**What to work on**
Scan the records below for the line with "unfolding algebra_iff_Un" and the line with "unfolding C by (auto simp: space_PiM)". Repeat those two lines and every line between them exactly, and nothing else.
----- The data
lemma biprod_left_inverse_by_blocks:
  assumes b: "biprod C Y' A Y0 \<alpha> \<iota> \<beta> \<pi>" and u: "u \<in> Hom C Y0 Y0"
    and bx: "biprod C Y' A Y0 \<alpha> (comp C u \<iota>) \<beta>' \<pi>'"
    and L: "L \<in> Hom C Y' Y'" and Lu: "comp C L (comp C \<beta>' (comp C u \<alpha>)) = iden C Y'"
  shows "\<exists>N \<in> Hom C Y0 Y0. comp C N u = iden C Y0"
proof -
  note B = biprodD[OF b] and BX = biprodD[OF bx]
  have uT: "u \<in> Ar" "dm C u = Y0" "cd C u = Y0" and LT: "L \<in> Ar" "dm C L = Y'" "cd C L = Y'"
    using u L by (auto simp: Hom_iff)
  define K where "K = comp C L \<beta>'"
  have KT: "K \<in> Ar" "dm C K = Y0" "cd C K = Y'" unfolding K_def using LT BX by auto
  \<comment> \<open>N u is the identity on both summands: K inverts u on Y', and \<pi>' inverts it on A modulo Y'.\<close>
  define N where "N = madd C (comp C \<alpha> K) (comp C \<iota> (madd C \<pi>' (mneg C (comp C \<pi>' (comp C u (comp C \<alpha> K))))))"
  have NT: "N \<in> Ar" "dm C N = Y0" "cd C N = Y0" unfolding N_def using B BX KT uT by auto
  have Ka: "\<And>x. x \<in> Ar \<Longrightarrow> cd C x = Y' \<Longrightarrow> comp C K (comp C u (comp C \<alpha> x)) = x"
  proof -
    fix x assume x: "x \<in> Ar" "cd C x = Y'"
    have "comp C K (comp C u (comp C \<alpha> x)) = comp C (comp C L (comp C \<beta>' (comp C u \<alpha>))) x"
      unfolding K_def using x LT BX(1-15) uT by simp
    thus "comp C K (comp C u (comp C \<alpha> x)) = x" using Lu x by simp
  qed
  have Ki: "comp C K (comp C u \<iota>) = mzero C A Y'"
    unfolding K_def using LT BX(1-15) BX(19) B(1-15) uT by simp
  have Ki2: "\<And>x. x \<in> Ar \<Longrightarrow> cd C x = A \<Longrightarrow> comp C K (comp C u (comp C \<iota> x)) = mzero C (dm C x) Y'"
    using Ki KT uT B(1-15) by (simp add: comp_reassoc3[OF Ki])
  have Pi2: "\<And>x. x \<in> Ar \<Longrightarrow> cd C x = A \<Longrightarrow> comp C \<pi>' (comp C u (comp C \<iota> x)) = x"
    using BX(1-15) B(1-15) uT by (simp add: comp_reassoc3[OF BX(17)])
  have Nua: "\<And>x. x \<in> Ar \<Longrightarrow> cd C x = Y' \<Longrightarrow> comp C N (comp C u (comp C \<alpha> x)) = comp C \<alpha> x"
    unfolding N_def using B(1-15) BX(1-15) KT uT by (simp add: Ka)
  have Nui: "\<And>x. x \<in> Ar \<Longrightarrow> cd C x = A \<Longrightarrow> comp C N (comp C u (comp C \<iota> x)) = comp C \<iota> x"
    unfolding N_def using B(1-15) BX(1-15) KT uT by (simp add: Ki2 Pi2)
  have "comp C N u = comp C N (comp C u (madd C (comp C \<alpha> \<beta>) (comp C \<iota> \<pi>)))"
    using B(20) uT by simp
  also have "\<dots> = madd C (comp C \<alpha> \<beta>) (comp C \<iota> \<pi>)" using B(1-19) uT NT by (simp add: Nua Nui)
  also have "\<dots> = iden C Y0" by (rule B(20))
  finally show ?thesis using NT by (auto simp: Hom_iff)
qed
----------
----- The data
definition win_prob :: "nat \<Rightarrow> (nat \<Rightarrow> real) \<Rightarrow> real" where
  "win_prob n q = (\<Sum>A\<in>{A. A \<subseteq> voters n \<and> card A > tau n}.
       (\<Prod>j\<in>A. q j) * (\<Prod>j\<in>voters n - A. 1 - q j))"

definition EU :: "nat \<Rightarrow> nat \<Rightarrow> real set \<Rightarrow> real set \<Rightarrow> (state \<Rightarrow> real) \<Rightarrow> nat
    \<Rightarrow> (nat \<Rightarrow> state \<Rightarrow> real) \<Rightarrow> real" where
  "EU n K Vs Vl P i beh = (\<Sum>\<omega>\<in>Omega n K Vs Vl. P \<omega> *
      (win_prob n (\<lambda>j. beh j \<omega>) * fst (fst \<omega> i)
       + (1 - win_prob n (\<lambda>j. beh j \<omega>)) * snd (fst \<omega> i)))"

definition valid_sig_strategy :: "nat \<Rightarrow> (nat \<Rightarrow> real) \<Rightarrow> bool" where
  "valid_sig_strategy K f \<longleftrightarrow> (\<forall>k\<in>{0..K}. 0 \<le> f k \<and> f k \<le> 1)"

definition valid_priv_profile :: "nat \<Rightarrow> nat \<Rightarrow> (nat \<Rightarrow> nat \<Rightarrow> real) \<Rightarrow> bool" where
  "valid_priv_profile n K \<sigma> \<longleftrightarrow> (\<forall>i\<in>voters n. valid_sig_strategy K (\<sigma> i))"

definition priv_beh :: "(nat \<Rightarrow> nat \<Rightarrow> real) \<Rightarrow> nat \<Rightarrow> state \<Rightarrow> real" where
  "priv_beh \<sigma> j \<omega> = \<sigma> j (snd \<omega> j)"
----------
----- The data
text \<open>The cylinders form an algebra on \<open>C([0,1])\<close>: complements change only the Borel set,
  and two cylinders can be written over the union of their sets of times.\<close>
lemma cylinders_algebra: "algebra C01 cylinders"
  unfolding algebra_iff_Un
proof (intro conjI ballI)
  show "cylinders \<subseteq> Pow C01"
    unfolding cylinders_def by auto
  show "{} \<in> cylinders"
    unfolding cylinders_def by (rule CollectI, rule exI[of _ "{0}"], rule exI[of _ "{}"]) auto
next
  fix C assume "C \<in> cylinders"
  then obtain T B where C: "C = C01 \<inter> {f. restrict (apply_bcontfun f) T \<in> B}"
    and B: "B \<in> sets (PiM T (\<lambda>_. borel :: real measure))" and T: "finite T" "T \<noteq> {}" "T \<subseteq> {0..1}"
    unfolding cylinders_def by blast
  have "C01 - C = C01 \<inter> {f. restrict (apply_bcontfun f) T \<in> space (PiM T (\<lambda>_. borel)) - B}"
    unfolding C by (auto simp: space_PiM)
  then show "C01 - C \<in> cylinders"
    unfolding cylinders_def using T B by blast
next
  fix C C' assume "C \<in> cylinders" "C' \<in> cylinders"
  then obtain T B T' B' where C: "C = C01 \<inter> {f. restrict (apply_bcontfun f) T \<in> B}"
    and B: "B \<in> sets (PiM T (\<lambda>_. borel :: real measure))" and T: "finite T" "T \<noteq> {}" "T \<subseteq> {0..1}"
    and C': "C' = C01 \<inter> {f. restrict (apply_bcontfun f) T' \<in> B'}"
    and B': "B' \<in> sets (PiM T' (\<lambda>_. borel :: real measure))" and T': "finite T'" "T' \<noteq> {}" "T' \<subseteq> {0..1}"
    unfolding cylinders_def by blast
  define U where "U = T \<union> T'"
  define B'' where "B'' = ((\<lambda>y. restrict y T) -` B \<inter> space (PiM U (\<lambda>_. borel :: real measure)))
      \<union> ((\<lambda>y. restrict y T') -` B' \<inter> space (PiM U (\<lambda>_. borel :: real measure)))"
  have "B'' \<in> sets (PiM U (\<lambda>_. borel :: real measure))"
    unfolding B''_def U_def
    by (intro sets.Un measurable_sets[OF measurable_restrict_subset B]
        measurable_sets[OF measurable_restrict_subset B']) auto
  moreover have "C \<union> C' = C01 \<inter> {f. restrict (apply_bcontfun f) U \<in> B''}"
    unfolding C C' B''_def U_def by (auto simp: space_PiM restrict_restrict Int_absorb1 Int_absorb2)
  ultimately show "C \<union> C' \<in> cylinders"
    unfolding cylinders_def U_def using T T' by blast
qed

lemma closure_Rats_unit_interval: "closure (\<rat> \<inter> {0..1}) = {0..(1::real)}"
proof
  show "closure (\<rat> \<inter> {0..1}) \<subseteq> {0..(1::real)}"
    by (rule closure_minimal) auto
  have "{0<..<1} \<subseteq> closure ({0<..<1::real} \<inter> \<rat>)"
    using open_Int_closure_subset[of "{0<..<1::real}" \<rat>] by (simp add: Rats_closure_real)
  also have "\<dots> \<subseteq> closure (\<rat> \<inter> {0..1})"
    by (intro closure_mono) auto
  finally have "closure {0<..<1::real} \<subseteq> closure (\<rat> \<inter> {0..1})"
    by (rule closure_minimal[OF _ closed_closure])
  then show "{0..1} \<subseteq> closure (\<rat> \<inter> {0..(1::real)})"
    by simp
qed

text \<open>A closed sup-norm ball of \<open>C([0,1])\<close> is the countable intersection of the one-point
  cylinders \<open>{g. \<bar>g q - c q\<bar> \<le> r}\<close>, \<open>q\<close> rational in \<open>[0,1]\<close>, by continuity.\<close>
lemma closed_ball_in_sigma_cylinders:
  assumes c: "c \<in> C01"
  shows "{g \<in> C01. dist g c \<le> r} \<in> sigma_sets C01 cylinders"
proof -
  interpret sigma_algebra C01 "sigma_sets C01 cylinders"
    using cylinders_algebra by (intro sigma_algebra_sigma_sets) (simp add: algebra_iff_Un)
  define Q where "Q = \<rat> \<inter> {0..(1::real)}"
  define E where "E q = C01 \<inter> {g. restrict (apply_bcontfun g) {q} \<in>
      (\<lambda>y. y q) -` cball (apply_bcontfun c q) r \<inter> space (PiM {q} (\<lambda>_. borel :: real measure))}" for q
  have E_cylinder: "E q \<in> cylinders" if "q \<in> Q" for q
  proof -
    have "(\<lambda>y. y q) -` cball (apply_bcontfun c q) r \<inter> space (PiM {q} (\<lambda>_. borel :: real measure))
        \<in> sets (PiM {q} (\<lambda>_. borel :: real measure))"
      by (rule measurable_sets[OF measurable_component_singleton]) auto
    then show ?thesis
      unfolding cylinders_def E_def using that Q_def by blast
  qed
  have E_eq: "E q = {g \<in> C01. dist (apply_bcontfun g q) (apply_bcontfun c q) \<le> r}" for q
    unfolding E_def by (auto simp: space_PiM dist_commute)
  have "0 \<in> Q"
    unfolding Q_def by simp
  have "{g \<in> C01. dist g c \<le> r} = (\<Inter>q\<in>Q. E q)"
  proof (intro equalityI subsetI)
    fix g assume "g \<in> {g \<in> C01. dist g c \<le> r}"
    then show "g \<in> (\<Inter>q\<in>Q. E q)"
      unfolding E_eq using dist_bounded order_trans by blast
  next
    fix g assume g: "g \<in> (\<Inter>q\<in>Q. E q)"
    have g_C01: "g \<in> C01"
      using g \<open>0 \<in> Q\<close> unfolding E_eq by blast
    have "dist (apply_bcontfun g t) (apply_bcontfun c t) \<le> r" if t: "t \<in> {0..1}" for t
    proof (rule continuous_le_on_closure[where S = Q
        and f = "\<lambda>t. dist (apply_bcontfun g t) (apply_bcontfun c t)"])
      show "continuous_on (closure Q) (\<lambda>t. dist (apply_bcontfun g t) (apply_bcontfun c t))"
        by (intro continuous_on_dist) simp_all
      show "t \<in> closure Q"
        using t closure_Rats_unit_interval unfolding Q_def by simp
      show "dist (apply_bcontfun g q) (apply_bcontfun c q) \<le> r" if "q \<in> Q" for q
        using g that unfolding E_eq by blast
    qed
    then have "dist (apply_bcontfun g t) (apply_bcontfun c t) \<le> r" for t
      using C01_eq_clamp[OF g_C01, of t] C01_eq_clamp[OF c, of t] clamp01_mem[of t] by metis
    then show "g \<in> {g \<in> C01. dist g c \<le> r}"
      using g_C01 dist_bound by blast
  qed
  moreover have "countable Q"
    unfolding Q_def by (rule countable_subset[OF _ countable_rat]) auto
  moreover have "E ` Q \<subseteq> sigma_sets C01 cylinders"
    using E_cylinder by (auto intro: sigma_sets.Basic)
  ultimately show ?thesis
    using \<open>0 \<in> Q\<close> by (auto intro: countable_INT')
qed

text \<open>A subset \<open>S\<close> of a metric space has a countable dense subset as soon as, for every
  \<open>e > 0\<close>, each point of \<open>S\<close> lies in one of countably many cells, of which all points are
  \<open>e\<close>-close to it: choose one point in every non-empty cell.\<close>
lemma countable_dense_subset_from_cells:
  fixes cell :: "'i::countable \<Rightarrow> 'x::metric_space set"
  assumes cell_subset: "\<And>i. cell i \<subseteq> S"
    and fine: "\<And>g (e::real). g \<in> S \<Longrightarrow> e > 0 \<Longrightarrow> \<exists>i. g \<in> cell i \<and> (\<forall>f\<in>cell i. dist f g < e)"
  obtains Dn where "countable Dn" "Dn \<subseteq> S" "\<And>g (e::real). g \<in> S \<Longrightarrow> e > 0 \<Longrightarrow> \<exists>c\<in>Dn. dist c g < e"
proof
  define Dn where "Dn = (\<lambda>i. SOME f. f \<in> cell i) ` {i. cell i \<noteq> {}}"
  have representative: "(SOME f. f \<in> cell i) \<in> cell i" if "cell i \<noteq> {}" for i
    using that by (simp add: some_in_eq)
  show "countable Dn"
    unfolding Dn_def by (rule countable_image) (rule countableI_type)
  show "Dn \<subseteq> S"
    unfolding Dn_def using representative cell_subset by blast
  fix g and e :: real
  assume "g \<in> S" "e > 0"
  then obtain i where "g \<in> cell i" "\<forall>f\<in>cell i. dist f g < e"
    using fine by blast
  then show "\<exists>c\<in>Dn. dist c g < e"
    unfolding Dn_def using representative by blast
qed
----------
**Result of this task**
  unfolding algebra_iff_Un
proof (intro conjI ballI)
  show "cylinders \<subseteq> Pow C01"
    unfolding cylinders_def by auto
  show "{} \<in> cylinders"
    unfolding cylinders_def by (rule CollectI, rule exI[of _ "{0}"], rule exI[of _ "{}"]) auto
next
  fix C assume "C \<in> cylinders"
  then obtain T B where C: "C = C01 \<inter> {f. restrict (apply_bcontfun f) T \<in> B}"
    and B: "B \<in> sets (PiM T (\<lambda>_. borel :: real measure))" and T: "finite T" "T \<noteq> {}" "T \<subseteq> {0..1}"
    unfolding cylinders_def by blast
  have "C01 - C = C01 \<inter> {f. restrict (apply_bcontfun f) T \<in> space (PiM T (\<lambda>_. borel)) - B}"
    unfolding C by (auto simp: space_PiM)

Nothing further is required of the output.